Exercise aim: Please take the records that follow and repeat exactly the lines starting with the line with "using that u by blast" and going on through the line with "define q where".

Records shown:
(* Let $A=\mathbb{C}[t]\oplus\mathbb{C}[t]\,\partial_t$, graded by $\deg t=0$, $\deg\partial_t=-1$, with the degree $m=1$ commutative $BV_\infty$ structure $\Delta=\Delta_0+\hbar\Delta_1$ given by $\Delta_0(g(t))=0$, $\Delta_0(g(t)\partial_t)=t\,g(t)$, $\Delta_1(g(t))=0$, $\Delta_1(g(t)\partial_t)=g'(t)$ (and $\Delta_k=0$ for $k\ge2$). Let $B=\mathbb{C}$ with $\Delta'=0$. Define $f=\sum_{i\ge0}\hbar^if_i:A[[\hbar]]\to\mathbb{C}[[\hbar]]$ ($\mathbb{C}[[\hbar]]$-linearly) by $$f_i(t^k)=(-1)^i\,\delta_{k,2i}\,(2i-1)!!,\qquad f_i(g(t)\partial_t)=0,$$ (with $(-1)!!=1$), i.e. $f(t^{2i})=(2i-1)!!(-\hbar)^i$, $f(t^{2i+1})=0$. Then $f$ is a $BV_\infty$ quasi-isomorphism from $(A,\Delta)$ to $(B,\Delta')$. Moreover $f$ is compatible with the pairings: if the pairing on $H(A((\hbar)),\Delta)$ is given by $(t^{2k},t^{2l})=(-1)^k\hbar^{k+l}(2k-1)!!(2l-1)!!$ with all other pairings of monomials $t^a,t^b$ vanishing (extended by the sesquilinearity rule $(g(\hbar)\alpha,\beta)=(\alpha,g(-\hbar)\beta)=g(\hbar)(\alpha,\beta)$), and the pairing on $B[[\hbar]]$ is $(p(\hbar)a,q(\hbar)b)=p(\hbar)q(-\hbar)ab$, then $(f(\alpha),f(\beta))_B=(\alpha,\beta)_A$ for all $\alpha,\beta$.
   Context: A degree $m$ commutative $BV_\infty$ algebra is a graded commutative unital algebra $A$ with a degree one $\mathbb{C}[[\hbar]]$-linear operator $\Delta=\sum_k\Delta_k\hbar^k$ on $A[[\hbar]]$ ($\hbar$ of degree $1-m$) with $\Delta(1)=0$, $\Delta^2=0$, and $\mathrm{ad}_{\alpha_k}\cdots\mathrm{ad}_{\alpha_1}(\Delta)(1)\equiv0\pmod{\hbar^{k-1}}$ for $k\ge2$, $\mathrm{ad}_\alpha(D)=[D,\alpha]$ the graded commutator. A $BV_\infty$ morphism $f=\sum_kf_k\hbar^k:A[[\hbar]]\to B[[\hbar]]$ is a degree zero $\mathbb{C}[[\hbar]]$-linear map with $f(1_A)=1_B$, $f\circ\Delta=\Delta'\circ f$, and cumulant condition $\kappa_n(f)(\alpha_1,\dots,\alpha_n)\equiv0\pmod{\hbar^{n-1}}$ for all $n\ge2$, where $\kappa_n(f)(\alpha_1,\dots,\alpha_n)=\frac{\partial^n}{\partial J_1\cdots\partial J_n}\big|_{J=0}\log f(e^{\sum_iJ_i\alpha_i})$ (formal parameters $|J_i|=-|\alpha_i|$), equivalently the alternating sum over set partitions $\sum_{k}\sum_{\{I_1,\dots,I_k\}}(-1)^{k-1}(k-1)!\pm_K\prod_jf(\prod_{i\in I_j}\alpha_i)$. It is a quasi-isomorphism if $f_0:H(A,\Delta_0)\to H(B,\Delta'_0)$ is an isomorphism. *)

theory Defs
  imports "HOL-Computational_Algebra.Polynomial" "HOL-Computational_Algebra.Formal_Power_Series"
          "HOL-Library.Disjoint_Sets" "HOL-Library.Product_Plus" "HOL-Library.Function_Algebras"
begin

* * *

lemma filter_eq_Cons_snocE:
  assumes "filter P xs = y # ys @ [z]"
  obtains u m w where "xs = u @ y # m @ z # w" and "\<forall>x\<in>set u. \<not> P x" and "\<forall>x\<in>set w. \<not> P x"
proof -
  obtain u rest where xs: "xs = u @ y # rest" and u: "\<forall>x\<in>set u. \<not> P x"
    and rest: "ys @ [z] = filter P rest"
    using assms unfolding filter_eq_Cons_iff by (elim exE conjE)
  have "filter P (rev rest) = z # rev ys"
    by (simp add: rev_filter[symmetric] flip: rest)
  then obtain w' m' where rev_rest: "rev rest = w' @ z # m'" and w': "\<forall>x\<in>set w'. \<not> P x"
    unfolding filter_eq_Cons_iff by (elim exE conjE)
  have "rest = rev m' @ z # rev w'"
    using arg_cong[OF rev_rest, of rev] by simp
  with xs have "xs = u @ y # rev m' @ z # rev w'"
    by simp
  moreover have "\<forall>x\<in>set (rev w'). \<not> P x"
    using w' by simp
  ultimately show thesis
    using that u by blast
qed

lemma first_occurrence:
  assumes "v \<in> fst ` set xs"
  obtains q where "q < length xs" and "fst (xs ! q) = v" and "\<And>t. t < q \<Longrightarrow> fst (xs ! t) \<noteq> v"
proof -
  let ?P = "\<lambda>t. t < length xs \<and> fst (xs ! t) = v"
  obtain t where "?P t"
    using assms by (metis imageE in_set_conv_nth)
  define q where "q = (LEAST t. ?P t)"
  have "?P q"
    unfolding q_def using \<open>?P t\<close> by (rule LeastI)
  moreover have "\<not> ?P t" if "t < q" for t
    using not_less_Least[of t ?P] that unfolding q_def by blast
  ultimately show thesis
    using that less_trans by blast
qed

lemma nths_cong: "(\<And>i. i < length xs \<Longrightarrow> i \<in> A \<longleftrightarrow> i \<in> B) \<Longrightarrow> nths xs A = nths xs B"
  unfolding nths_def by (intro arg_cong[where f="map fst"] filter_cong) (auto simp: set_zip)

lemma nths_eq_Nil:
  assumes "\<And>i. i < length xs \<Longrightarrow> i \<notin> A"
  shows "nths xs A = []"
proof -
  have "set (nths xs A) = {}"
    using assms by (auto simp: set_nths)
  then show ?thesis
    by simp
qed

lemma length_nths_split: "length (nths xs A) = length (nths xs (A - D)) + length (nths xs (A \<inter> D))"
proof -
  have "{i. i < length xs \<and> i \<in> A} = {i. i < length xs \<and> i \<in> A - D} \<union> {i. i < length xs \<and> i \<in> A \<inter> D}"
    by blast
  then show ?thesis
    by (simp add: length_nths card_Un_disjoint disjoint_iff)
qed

* * *

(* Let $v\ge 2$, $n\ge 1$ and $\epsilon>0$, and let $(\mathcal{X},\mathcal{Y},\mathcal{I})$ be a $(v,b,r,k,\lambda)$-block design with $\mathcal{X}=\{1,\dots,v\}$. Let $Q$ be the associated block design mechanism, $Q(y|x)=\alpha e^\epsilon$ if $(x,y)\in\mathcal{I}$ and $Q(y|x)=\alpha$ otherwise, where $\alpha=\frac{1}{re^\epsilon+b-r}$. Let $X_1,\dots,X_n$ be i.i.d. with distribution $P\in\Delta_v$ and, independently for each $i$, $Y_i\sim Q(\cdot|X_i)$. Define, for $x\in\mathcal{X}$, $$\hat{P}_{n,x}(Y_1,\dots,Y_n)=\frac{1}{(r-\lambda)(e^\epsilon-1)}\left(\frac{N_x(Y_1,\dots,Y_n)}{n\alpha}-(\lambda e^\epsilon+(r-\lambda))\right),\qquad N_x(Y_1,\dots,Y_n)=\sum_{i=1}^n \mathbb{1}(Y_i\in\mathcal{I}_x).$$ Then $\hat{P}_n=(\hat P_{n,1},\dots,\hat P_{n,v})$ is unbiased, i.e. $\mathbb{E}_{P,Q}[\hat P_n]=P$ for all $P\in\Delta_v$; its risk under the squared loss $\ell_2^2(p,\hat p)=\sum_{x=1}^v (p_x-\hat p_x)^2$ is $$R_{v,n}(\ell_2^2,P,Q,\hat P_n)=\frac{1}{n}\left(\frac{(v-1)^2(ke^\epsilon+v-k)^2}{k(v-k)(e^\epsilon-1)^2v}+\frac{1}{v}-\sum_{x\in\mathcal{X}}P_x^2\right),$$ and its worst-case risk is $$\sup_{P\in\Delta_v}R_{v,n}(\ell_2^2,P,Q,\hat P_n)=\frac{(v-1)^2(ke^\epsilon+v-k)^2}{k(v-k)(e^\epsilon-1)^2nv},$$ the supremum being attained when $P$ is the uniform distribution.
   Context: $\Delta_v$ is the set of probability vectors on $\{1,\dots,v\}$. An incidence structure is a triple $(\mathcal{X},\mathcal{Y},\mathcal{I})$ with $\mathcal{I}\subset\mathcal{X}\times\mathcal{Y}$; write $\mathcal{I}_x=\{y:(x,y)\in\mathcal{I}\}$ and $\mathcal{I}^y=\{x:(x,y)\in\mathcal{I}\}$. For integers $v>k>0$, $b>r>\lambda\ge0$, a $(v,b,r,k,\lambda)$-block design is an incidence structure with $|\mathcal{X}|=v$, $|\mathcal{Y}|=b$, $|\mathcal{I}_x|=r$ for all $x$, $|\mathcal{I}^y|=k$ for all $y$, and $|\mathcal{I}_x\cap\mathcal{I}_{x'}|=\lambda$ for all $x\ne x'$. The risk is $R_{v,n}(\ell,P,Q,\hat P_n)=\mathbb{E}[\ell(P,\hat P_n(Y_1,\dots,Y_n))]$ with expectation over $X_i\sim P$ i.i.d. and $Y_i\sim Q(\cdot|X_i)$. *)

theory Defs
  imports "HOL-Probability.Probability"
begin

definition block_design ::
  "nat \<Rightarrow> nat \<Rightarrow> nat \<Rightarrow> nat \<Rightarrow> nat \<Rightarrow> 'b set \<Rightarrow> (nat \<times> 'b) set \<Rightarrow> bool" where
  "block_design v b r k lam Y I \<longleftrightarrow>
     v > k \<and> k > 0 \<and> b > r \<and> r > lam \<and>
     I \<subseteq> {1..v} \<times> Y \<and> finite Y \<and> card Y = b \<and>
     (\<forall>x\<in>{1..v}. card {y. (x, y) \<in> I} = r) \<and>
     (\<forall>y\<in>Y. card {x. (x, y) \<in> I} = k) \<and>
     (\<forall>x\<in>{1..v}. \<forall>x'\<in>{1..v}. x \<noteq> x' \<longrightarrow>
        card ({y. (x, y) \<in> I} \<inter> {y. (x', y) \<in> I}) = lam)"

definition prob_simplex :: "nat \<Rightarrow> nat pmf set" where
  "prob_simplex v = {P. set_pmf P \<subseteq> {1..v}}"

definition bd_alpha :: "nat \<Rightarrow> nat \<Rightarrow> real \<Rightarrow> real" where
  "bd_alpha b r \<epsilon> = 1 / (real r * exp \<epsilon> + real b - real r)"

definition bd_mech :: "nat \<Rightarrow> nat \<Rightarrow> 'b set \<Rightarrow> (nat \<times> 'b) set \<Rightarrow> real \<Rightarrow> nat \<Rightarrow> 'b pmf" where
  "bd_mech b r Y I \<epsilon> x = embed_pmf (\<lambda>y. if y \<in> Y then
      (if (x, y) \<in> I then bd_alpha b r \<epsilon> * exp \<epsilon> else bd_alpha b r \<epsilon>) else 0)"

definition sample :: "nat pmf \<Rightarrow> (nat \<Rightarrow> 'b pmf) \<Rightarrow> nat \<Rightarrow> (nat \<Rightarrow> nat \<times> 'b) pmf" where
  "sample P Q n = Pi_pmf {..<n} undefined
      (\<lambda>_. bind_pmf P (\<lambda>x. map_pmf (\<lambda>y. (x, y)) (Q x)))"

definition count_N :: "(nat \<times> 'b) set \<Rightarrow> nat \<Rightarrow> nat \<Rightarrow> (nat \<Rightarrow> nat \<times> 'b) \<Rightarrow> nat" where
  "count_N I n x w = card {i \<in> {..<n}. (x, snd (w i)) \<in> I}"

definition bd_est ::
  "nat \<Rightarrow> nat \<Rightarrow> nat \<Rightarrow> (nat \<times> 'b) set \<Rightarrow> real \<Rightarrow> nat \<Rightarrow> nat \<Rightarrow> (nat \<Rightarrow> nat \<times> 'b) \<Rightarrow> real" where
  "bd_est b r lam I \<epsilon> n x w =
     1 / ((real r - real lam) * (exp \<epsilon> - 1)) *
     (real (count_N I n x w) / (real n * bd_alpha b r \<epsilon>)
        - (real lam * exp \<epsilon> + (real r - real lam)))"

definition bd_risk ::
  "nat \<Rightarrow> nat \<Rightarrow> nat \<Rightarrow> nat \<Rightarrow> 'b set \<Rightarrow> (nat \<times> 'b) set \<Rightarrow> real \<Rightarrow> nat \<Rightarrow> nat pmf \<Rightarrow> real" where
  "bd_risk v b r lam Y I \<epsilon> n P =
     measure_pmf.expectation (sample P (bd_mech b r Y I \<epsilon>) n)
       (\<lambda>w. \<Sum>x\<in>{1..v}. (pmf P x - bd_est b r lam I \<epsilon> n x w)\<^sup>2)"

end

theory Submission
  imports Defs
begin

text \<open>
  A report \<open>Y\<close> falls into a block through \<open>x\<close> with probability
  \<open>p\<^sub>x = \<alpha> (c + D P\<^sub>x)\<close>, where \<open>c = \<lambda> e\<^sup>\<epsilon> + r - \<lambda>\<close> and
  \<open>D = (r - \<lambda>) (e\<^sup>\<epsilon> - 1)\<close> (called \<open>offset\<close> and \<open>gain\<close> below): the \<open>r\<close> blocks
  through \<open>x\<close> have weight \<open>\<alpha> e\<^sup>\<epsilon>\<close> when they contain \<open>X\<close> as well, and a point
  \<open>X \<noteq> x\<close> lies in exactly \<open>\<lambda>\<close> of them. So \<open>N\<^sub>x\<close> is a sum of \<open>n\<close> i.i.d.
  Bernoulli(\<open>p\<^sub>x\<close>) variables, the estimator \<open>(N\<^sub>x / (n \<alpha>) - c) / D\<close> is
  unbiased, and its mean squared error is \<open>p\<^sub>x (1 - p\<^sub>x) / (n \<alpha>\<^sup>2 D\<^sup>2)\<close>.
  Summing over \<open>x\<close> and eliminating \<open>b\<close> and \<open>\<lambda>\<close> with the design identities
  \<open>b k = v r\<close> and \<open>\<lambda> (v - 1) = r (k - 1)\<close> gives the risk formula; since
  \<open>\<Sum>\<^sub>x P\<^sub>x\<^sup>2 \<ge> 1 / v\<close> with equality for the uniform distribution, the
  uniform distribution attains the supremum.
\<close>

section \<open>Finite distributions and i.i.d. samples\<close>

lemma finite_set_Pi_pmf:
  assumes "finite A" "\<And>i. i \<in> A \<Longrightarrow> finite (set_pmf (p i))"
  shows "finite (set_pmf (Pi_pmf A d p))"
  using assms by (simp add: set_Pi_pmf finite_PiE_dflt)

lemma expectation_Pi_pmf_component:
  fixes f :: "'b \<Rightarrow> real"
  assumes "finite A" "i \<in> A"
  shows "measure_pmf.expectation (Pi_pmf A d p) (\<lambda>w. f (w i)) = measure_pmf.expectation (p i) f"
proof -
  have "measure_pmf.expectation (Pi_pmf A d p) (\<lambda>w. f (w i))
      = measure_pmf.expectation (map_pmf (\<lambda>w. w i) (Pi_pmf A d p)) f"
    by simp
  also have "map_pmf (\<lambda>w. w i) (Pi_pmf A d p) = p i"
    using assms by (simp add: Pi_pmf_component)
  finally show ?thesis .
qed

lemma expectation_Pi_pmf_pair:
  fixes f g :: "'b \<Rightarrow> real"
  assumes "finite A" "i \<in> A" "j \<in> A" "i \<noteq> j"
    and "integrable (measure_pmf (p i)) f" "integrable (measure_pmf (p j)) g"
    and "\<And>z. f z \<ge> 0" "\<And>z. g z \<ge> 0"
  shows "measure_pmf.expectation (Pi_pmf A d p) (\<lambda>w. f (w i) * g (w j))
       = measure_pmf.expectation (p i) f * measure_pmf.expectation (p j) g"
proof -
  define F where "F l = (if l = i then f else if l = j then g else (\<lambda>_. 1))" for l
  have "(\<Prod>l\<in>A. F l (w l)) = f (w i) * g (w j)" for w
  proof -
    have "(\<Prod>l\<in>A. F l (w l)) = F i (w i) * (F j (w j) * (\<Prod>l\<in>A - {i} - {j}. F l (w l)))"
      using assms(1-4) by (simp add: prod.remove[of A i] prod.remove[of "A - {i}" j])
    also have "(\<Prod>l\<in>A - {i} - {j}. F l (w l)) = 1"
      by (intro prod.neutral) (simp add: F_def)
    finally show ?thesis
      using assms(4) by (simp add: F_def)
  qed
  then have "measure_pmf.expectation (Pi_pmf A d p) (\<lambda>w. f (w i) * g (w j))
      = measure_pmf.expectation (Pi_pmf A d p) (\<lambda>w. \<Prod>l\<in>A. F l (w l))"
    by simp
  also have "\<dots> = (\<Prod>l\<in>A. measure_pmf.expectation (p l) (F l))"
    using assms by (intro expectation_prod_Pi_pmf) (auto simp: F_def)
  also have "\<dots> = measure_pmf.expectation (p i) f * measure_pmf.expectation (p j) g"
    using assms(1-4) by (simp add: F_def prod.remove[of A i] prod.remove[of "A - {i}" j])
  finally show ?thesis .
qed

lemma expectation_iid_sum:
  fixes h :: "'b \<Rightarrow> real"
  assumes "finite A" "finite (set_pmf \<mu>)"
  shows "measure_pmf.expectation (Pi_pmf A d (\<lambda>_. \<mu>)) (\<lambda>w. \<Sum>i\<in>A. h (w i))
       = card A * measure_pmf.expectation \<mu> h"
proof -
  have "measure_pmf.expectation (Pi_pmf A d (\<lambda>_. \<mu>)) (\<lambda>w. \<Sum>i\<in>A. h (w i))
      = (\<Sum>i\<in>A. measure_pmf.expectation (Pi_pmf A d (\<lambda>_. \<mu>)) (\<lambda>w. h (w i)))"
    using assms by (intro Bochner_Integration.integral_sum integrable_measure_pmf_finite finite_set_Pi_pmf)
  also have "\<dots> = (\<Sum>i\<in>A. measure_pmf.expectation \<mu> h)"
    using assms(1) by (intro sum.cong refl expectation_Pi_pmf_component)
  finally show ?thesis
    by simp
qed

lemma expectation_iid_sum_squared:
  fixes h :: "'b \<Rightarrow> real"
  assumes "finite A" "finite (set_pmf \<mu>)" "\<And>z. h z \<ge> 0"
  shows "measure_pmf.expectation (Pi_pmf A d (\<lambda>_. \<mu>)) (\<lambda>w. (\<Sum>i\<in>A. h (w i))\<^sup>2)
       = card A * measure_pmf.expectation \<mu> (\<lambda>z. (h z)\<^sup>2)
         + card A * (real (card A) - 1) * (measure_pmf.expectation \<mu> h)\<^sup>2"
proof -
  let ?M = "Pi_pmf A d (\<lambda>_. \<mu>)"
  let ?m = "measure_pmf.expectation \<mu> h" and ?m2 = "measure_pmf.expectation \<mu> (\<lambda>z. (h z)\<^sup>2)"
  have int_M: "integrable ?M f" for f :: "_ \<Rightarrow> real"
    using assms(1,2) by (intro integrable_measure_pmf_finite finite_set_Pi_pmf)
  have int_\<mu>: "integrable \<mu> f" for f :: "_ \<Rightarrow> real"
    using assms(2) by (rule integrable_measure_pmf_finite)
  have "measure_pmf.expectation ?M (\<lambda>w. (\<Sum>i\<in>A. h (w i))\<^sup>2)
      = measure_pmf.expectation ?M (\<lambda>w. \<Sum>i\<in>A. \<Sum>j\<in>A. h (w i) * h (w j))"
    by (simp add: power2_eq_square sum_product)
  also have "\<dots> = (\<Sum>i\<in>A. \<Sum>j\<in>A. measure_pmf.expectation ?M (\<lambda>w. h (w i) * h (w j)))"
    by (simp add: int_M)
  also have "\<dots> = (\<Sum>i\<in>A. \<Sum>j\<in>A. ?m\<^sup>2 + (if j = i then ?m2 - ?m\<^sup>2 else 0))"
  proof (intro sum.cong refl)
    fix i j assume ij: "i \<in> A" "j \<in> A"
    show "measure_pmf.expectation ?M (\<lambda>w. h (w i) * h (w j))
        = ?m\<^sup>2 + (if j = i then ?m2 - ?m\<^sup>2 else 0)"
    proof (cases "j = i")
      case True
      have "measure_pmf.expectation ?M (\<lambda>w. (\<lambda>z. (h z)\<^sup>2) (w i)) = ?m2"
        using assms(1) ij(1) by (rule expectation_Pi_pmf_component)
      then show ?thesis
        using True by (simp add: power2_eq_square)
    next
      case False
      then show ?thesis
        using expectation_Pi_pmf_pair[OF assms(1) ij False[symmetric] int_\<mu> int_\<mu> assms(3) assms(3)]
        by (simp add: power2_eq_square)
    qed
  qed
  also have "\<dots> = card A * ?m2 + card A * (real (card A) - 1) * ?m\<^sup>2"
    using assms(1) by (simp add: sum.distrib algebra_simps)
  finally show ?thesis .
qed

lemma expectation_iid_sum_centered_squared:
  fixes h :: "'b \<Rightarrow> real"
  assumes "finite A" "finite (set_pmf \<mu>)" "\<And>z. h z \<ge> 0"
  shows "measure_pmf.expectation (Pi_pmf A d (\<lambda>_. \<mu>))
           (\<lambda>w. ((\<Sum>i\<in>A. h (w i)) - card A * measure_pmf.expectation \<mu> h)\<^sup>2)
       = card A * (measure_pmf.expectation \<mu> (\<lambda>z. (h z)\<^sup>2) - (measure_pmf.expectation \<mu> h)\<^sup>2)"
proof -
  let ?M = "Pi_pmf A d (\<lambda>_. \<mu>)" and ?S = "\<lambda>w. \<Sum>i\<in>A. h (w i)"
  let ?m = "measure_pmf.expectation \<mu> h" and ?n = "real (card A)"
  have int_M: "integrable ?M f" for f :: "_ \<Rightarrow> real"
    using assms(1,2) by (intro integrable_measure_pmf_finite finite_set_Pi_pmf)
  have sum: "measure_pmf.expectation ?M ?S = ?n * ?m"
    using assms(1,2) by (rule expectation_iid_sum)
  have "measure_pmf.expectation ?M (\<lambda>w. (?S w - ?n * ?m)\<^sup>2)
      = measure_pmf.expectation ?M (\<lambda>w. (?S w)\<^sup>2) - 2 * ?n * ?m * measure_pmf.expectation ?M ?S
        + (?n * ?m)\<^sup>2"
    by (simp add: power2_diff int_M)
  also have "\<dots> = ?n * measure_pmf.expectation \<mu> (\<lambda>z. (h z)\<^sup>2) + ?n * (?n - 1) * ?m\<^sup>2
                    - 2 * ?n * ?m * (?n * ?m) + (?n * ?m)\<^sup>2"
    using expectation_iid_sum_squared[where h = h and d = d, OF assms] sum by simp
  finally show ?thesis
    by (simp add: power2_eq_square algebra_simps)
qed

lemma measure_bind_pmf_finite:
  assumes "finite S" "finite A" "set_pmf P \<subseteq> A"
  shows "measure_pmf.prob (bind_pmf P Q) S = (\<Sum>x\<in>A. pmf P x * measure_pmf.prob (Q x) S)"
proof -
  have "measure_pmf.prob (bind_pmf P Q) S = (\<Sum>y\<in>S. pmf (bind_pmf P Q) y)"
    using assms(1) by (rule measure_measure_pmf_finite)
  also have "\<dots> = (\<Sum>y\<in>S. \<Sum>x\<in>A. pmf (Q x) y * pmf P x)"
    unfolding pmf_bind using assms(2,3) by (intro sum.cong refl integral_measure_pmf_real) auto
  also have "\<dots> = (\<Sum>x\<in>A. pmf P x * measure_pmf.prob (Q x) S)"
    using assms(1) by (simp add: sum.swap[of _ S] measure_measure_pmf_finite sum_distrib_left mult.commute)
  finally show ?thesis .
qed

Exercise solution:
    using that u by blast
qed

lemma first_occurrence:
  assumes "v \<in> fst ` set xs"
  obtains q where "q < length xs" and "fst (xs ! q) = v" and "\<And>t. t < q \<Longrightarrow> fst (xs ! t) \<noteq> v"
proof -
  let ?P = "\<lambda>t. t < length xs \<and> fst (xs ! t) = v"
  obtain t where "?P t"
    using assms by (metis imageE in_set_conv_nth)
  define q where "q = (LEAST t. ?P t)"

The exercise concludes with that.